EP1332232B1 - Method for producing stainless steels, in particular high-grade steels containing chromium and chromium-nickel - Google Patents

Abstract

The invention relates to a method for producing stainless steels, in particular steels containing chromium and chromium-nickel. The method is carried out in a melting device containing a metallurgical vessel, or in a melting device ( 1 ) containing at least two vessels ( 2, 3 ) for supplying a steel-casting installation, an electric arc furnace process ( 1 ) and an air-refining process taking place alternately in the two vessels ( 2, 3 ). To improve the efficiency of a method of this type, the aim of the invention is to carry out a reversible treatment of unreduced converter slag in the electric-arc furnace mode. To achieve this, in the first treatment stage, the slag ( 19 ) with a high chromium content is melted together with the added charge, the slag is then reduced during the melting process with the silicon and carbon under favorable thermodynamic conditions of the arc, once the slag has reached a minimum temperature of 1,490° C. and the slag is subsequently removed. The air-refining process is then carried out, during which the carbon content is reduced to a value of less than 0.9%. The metal slag ( 18 ) is tapped at a tapping temperature of between 1,620 and 1,720° C., the unreduced slag ( 19 ) with a high chromium content from the air-refining process remaining in the treatment vessel.

Description

The invention relates to a method according to the preamble of claim 1 or of claim 2.

Multi-stage are used to produce stainless steels containing chrome or chrome nickel Processes in a melting device comprising at least two vessels known.
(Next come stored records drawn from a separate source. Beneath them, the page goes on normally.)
(* Let $(D,T,\lambda)$ be a complete structured DNNF and $Z\subseteq\mathrm{var}(D)$. Let $t$ be a non-leaf node of $T$ with children $t_1,t_2$. Let $\tau_1:\mathsf{kept}(t_1)\to\{0,1\}$ be of shape $S_1$ and $\tau_2:\mathsf{kept}(t_2)\to\{0,1\}$ be of shape $S_2$. Then $\tau=\tau_1\cup\tau_2$ (an assignment of $\mathsf{kept}(t)$) is of shape $S_1\bowtie S_2$.
   Context: A DNNF is a Boolean circuit whose input gates are labeled by literals $x$ or $\neg x$, whose other gates are $\wedge$-gates and $\vee$-gates, and in which every $\wedge$-gate is decomposable: the subcircuits rooted at distinct inputs of it mention pairwise disjoint sets of variables. For a gate $v$, $D_v$ denotes the subcircuit rooted at $v$. A vtree for a variable set $X$ is a rooted tree in which every non-leaf node has exactly two children and whose leaves are in bijection with $X$. A complete structured DNNF $(D,T,\lambda)$ consists of a DNNF $D$, a vtree $T$ for $\mathrm{var}(D)$, and a map $\lambda$ assigning to every node $t$ of $T$ a set $\lambda(t)$ of gates of $D$ such that: (i) every gate $u$ of $D$ lies in $\lambda(t_u)$ for exactly one node $t_u$; (ii) if $t$ is a leaf labeled $x$ then $\lambda(t)$ contains only input gates labeled $x$ or $\neg x$; (iii) for no non-leaf node $t$ does $\lambda(t)$ contain an input gate; (iv) every $\wedge$-gate $u$ has exactly two inputs $v_1,v_2$ and $t_{v_1}\ne t_{v_2}$; (v) for every wire from a gate $u$ into a gate $v$, either $v$ is an $\wedge$-gate, $u$ is a $\vee$-gate or an input gate, and $t_u$ is a child of $t_v$; or $v$ is a $\vee$-gate, $u$ is an $\wedge$-gate and $t_u=t_v$. For a node $t$ of $T$, $\mathrm{var}(t)$ is the set of variables labeling leaves of the subtree rooted at $t$, $\mathsf{forgot}(t)=Z\cap\mathrm{var}(t)$ and $\mathsf{kept}(t)=\mathrm{var}(t)\setminus\mathsf{forgot}(t)$. Let $O_t$ be the set of gates of $\lambda(t)$ that are not $\wedge$-gates (i.e. the $\vee$-gates of $\lambda(t)$ if $t$ is internal, the input gates of $\lambda(t)$ if $t$ is a leaf). An assignment $\tau:\mathsf{kept}(t)\to\{0,1\}$ is of shape $S\subseteq O_t$ iff $S=\{s\in O_t\mid \exists\sigma:\mathsf{forgot}(t)\to\{0,1\},\ \tau\cup\sigma\text{ satisfies }D_s\}$. For a non-leaf $t$ with children $t_1,t_2$ and $S_1\subseteq O_{t_1}$, $S_2\subseteq O_{t_2}$, $S_1\bowtie S_2\subseteq O_t$ is the set of gates $s\in O_t$ that evaluate to $1$ when every gate of $S_1\cup S_2$ is replaced by the constant $1$ and every gate of $(O_{t_1}\setminus S_1)\cup(O_{t_2}\setminus S_2)$ by the constant $0$. *)

theory Defs
  imports Main
begin

text \<open>Gate labels: input gates labelled by a literal (variable, polarity;
  Lit x True is x, Lit x False is the negation of x), and AND/OR gates.\<close>
datatype 'v gkind = Lit 'v bool | AndG | OrG

text \<open>A circuit is given by a set of gates G, a labelling kind, and a set of
  wires W; (u,v) in W is a wire from gate u into gate v (u is an input of v).\<close>

definition below :: "('g \<times> 'g) set \<Rightarrow> 'g \<Rightarrow> 'g set" where
  "below W v = {u. (u, v) \<in> W\<^sup>*}"

definition gvars :: "('g \<Rightarrow> 'v gkind) \<Rightarrow> ('g \<times> 'g) set \<Rightarrow> 'g \<Rightarrow> 'v set" where
  "gvars kind W v = {x. \<exists>u \<in> below W v. \<exists>b. kind u = Lit x b}"

definition cvars :: "'g set \<Rightarrow> ('g \<Rightarrow> 'v gkind) \<Rightarrow> ('g \<times> 'g) set \<Rightarrow> 'v set" where
  "cvars G kind W = (\<Union>v\<in>G. gvars kind W v)"

definition dnnf :: "'g set \<Rightarrow> ('g \<Rightarrow> 'v gkind) \<Rightarrow> ('g \<times> 'g) set \<Rightarrow> bool" where
  "dnnf G kind W \<longleftrightarrow>
     finite G \<and> W \<subseteq> G \<times> G \<and> acyclic W \<and>
     (\<forall>u v x b. (u, v) \<in> W \<longrightarrow> kind v \<noteq> Lit x b) \<and>
     (\<forall>v \<in> G. kind v = AndG \<longrightarrow>
        (\<forall>u1 u2. (u1, v) \<in> W \<longrightarrow> (u2, v) \<in> W \<longrightarrow> u1 \<noteq> u2 \<longrightarrow>
            gvars kind W u1 \<inter> gvars kind W u2 = {}))"
lemma oriented_Qpairs_distinct: "(s, t, u, v) \<in> oriented_Qpairs E \<Longrightarrow> distinct [s, t, u, v]"
  unfolding oriented_Qpairs_def using irrefl by auto

lemma oriented_Qpairs_subset: "oriented_Qpairs E \<subseteq> V \<times> V \<times> V \<times> V"
  unfolding oriented_Qpairs_def using vertices by auto

lemma finite_oriented_Qpairs: "finite (oriented_Qpairs E)"
  using oriented_Qpairs_subset finite_V by (auto intro: finite_subset)

lemma edge_pair_of_oriented_Qpairs: "edge_pair_of ` oriented_Qpairs E = Qpairs E"
  unfolding edge_pair_of_def oriented_Qpairs_def Qpairs_def by auto

lemma card_edge_pair_of_fibre:
  assumes "x \<in> oriented_Qpairs E"
  shows "card {y \<in> oriented_Qpairs E. edge_pair_of y = edge_pair_of x} = 8"
proof -
  obtain s t u v where x: "x = (s, t, u, v)" by (cases x)
  have dist: "distinct [s, t, u, v]"
    using oriented_Qpairs_distinct assms x by blast
  let ?R = "{(s, t, u, v), (t, s, u, v), (s, t, v, u), (t, s, v, u),
             (u, v, s, t), (v, u, s, t), (u, v, t, s), (v, u, t, s)}"
  have "?R \<subseteq> oriented_Qpairs E"
    using assms dist unfolding x oriented_Qpairs_def by (auto simp: sym_iff)
  moreover have "edge_pair_of x = edge_pair_of y \<longleftrightarrow> y \<in> ?R" for y
  proof -
    obtain s' t' u' v' where y: "y = (s', t', u', v')" by (cases y)
    show ?thesis
      unfolding x y edge_pair_of_def prod.case by (rule edge_pair_eq_iff[OF dist])
  qed
  ultimately have "{y \<in> oriented_Qpairs E. edge_pair_of y = edge_pair_of x} = ?R"
    by (auto simp flip: eq_commute[of "edge_pair_of x"])
  then show ?thesis
    using dist by simp
qed

lemma cross_edge_pair_of:
  assumes "(s, t, u, v) \<in> oriented_Qpairs E"
  shows "cross E {{s, t}, {u, v}} = adj E s u + adj E s v + adj E t u + adj E t v"
  unfolding cross_def
proof (rule some_equality, goal_cases witness unique)
  case witness
  show ?case
    using assms unfolding oriented_Qpairs_def by blast
next
  case (unique c)
  then obtain s' t' u' v' where eq: "{{s, t}, {u, v}} = {{s', t'}, {u', v'}}"
    and c: "c = adj E s' u' + adj E s' v' + adj E t' u' + adj E t' v'"
    by blast
  show ?case
    using eq unfolding c edge_pair_eq_iff[OF oriented_Qpairs_distinct[OF assms]]
    by (auto simp: adj_sym)
qed

lemma sum_oriented_Qpairs_middle_adj:
  "(\<Sum>(s, t, u, v)\<in>oriented_Qpairs E. adj E t u) = real (card (P4_sequences E))"
proof -
  have "(\<Sum>(s, t, u, v)\<in>oriented_Qpairs E. adj E t u)
      = (\<Sum>x\<in>oriented_Qpairs E. of_bool (x \<in> P4_sequences E))"
    unfolding oriented_Qpairs_def P4_sequences_def adj_of_bool using irrefl
    by (intro sum.cong) auto
  moreover have "oriented_Qpairs E \<inter> {x. x \<in> P4_sequences E} = P4_sequences E"
    unfolding oriented_Qpairs_def P4_sequences_def using irrefl by auto
  ultimately show ?thesis
    using finite_oriented_Qpairs by simp
qed

lemma sum_oriented_Qpairs_cross_terms:
  "(\<Sum>(s, t, u, v)\<in>oriented_Qpairs E. adj E s u + adj E s v + adj E t u + adj E t v)
     = 4 * real (card (P4_sequences E))"
proof -
  let ?Q = "oriented_Qpairs E"
  have swap_first: "(\<Sum>(s, t, u, v)\<in>?Q. adj E s u) = (\<Sum>(s, t, u, v)\<in>?Q. adj E t u)"
    by (rule sum.reindex_bij_witness[where i = "\<lambda>(s, t, u, v). (t, s, u, v)"
                                      and j = "\<lambda>(s, t, u, v). (t, s, u, v)"])
      (auto simp: oriented_Qpairs_def intro: sym)
  have swap_second: "(\<Sum>(s, t, u, v)\<in>?Q. adj E t v) = (\<Sum>(s, t, u, v)\<in>?Q. adj E t u)"
    by (rule sum.reindex_bij_witness[where i = "\<lambda>(s, t, u, v). (s, t, v, u)"
                                      and j = "\<lambda>(s, t, u, v). (s, t, v, u)"])
      (auto simp: oriented_Qpairs_def intro: sym)
  have swap_both: "(\<Sum>(s, t, u, v)\<in>?Q. adj E s v) = (\<Sum>(s, t, u, v)\<in>?Q. adj E t u)"
    by (rule sum.reindex_bij_witness[where i = "\<lambda>(s, t, u, v). (t, s, v, u)"
                                      and j = "\<lambda>(s, t, u, v). (t, s, v, u)"])
      (auto simp: oriented_Qpairs_def intro: sym)
  show ?thesis
    using swap_first swap_second swap_both sum_oriented_Qpairs_middle_adj
    by (simp add: sum.distrib case_prod_beta)
qed

lemma sum_Qpairs_cross: "2 * (\<Sum>q\<in>Qpairs E. cross E q) = real (card (P4_sequences E))"
proof -
  have "(\<Sum>(s, t, u, v)\<in>oriented_Qpairs E. adj E s u + adj E s v + adj E t u + adj E t v)
      = of_nat 8 * (\<Sum>q\<in>edge_pair_of ` oriented_Qpairs E. cross E q)"
    by (rule sum_fibres_const[OF finite_oriented_Qpairs card_edge_pair_of_fibre])
      (auto simp: edge_pair_of_def cross_edge_pair_of)
  then show ?thesis
    using sum_oriented_Qpairs_cross_terms unfolding edge_pair_of_oriented_Qpairs by simp
qed

abbreviation deg :: "'a \<Rightarrow> real" where
  "deg s \<equiv> real (degree V E s)"

lemma deg_eq_sum_adj: "deg s = (\<Sum>t\<in>V. adj E s t)"
proof -
  have "V \<inter> {t. E s t} = {t \<in> V. E s t}" by blast
  then show ?thesis
    unfolding degree_def adj_of_bool using finite_V by simp
qed

lemma sum_adj_remove_self: "(\<Sum>t\<in>V - {s}. adj E s t * g t) = (\<Sum>t\<in>V. adj E s t * g t)"
  using finite_V by (simp add: sum_diff1 adj_self)

lemma sum_adj_left: "(\<Sum>s\<in>V. \<Sum>t\<in>V - {s}. adj E s t * f s) = (\<Sum>s\<in>V. deg s * f s)"
proof -
  have "(\<Sum>t\<in>V - {s}. adj E s t * f s) = deg s * f s" if "s \<in> V" for s
    unfolding sum_adj_remove_self by (simp add: deg_eq_sum_adj sum_distrib_right)
  then show ?thesis by simp
qed

lemma sum_adj_right: "(\<Sum>s\<in>V. \<Sum>t\<in>V - {s}. adj E s t * f t) = (\<Sum>t\<in>V. deg t * f t)"
proof -
  have "(\<Sum>s\<in>V. \<Sum>t\<in>V - {s}. adj E s t * f t) = (\<Sum>s\<in>V. \<Sum>t\<in>V. adj E s t * f t)"
    by (simp add: sum_adj_remove_self)
  also have "\<dots> = (\<Sum>t\<in>V. \<Sum>s\<in>V. adj E t s * f t)"
    by (subst sum.swap) (simp add: adj_sym)
  finally show ?thesis
    by (simp add: deg_eq_sum_adj sum_distrib_right)
qed

lemma adjpow_1: "adjpow V E 1 s t = adj E s t"
  using finite_V adj_outside by (simp add: if_distrib[of "\<lambda>x. x * _"] sum.delta cong: if_cong)

lemma adjpow_Suc_left: "adjpow V E (Suc p) s t = (\<Sum>w\<in>V. adj E s w * adjpow V E p w t)"
proof (induction p arbitrary: t)
  case 0
  show ?case
    using adjpow_1 finite_V adj_outside
    by (simp add: if_distrib[of "\<lambda>x. _ * x"] sum.delta' cong: if_cong)
next
  case (Suc p)
  have "adjpow V E (Suc (Suc p)) s t = (\<Sum>w\<in>V. \<Sum>u\<in>V. adj E s u * adjpow V E p u w * adj E w t)"
    by (simp only: adjpow.simps(2)[of V E "Suc p" s t] Suc.IH sum_distrib_right)
  also have "\<dots> = (\<Sum>u\<in>V. adj E s u * adjpow V E (Suc p) u t)"
    by (subst sum.swap) (simp add: sum_distrib_left mult.assoc)
  finally show ?case .
qed

lemma adjpow_sym: "adjpow V E p s t = adjpow V E p t s"
proof (induction p arbitrary: s t)
  case (Suc p)
  have "adjpow V E (Suc p) s t = (\<Sum>w\<in>V. adj E t w * adjpow V E p w s)"
    by (simp add: Suc.IH[of s] adj_sym mult.commute)
  also have "\<dots> = adjpow V E (Suc p) t s"
    by (simp only: adjpow_Suc_left)
  finally show ?case .
qed simp

lemma adjpow_3: "adjpow V E 3 s t = (\<Sum>x\<in>V. \<Sum>y\<in>V. adj E s x * adj E x y * adj E y t)"
proof -
  have adjpow_2: "adjpow V E 2 s y = (\<Sum>x\<in>V. adj E s x * adj E x y)" for y
    unfolding numeral_2_eq_2 adjpow.simps(2)[of V E "Suc 0"] adjpow_1[unfolded One_nat_def] ..
  have "adjpow V E 3 s t = (\<Sum>y\<in>V. \<Sum>x\<in>V. adj E s x * adj E x y * adj E y t)"
    unfolding numeral_3_eq_3 adjpow.simps(2)[of V E "Suc (Suc 0)"] adjpow_2[unfolded numeral_2_eq_2]
    by (simp add: sum_distrib_right)
  also have "\<dots> = (\<Sum>x\<in>V. \<Sum>y\<in>V. adj E s x * adj E x y * adj E y t)"
    by (rule sum.swap)
  finally show ?thesis .
qed

lemma walk3_split:
  "adj E s x * adj E x y * adj E y t
     = of_bool ((s, x, y, t) \<in> P4_sequences E)
       + of_bool (y = s) * (adj E s x * adj E s t) + of_bool (x = t) * (adj E s t * adj E t y)
       - of_bool (x = t) * (of_bool (y = s) * adj E s t)"
  if "s \<noteq> t"
  using that irrefl by (auto simp: adj_def P4_sequences_def sym_iff)
(* Let $(b,c)$ be a locally finite, connected graph over a countable set $X$ on which $\mathbb{Z}^d$ acts freely and cocompactly such that $H_{b,c}$ is $\mathbb{Z}^d$-invariant, and fix $x_0\in X$. Then $\rho:\mathcal{M}_{(-\infty,\lambda_0]}\to\mathbb{R}^d$ is a homeomorphism (with the topology of pointwise convergence on $\mathcal{M}_{(-\infty,\lambda_0]}$). Moreover, for every $\lambda\in\mathbb{R}$ the sets $\mathcal{M}_{[\lambda,\lambda_0]}$ and $\mathcal{A}_{[\lambda,\lambda_0]}=\rho(\mathcal{M}_{[\lambda,\lambda_0]})$ are compact.
   Context: A graph over $X$ is $(b,c)$ with $b:X\times X\to[0,\infty)$, $c:X\to\mathbb{R}$, $\sum_yb(x,y)<\infty$ ($b$ need not be symmetric); locally finite and connected as usual ($x\sim y$ iff $b(x,y)>0$). $H_{b,c}f(x)=\sum_yb(x,y)(f(x)-f(y))+c(x)f(x)$ on $\mathrm{Dom}(H)=\{f:\sum_yb(x,y)|f(y)|<\infty\ \forall x\}$; $f$ is $\lambda$-harmonic if $(H-\lambda)f=0$. $T_gf(x)=f(g^{-1}x)$; $H$ is $\mathbb{Z}^d$-invariant if $T_g$ preserves $\mathrm{Dom}(H)$ and $HT_g=T_gH$. $f$ is multiplicative with character $\gamma_f$ if $\gamma_f:\mathbb{Z}^d\to(0,\infty)$ is a homomorphism with $f(zx)=\gamma_f(z)f(x)$. $\mathcal{K}_\lambda$ is the pointwise closure of $\{f\ge0,\ f\not\equiv0,\ \lambda\text{-harmonic},\ f(x_0)=1\}$, $\mathcal{M}_\lambda$ its multiplicative elements, $\mathcal{M}_I=\bigcup_{\lambda\in I}\mathcal{M}_\lambda$. $\rho(f)=\alpha\in\mathbb{R}^d$ where $\log\gamma_f(z)=\langle\alpha,z\rangle$ for all $z\in\mathbb{Z}^d$. $\lambda_0=\sup\{\lambda:\mathcal{M}_\lambda\neq\emptyset\}$ (finite, and $\mathcal{M}_\lambda=\emptyset$ for $\lambda>\lambda_0$). *)

theory Defs
  imports "HOL-Analysis.Analysis"
begin

definition Dom :: "('x \<Rightarrow> 'x \<Rightarrow> real) \<Rightarrow> ('x \<Rightarrow> real) set" where
  "Dom b = {f. \<forall>x. (\<lambda>y. b x y * \<bar>f y\<bar>) summable_on UNIV}"

definition Hop :: "('x \<Rightarrow> 'x \<Rightarrow> real) \<Rightarrow> ('x \<Rightarrow> real) \<Rightarrow> ('x \<Rightarrow> real) \<Rightarrow> 'x \<Rightarrow> real" where
  "Hop b c f x = (\<Sum>\<^sub>\<infinity>y. b x y * (f x - f y)) + c x * f x"

definition Tact :: "(int^'d \<Rightarrow> 'x \<Rightarrow> 'x) \<Rightarrow> int^'d \<Rightarrow> ('x \<Rightarrow> real) \<Rightarrow> 'x \<Rightarrow> real" where
  "Tact act g f = (\<lambda>x. f (act (- g) x))"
Depending on the respective process technology, a Decarburization carried out to a carbon content of less than 0.3%. Always a high energy expenditure is required and temperature losses are inevitable.

Such a method is known from DE 196 21 143. The one described here Process is carried out in a melting device, the at least comprises two vessels. Both vessels are operated in parallel, each in Vessel alternately either electrodes for melting the batch or Blow lances for inflating and / or blowing oxygen and oxygen mixtures can be used. The vessels thus initially serve as melting points then as a fresh aggregate. After blowing the slag with reducing agents such as ferrosilicon, aluminum or secondary aluminum with the addition of slag formers such as lime and fluorspar for recovery reduced by oxidized chromium and then tapped. The invention is based on the task of making such a process more economical do.

This object is achieved by the characterizing part of claim 1 or 2 specified process steps solved. Appropriate configurations of the Procedures are contained in the subclaims.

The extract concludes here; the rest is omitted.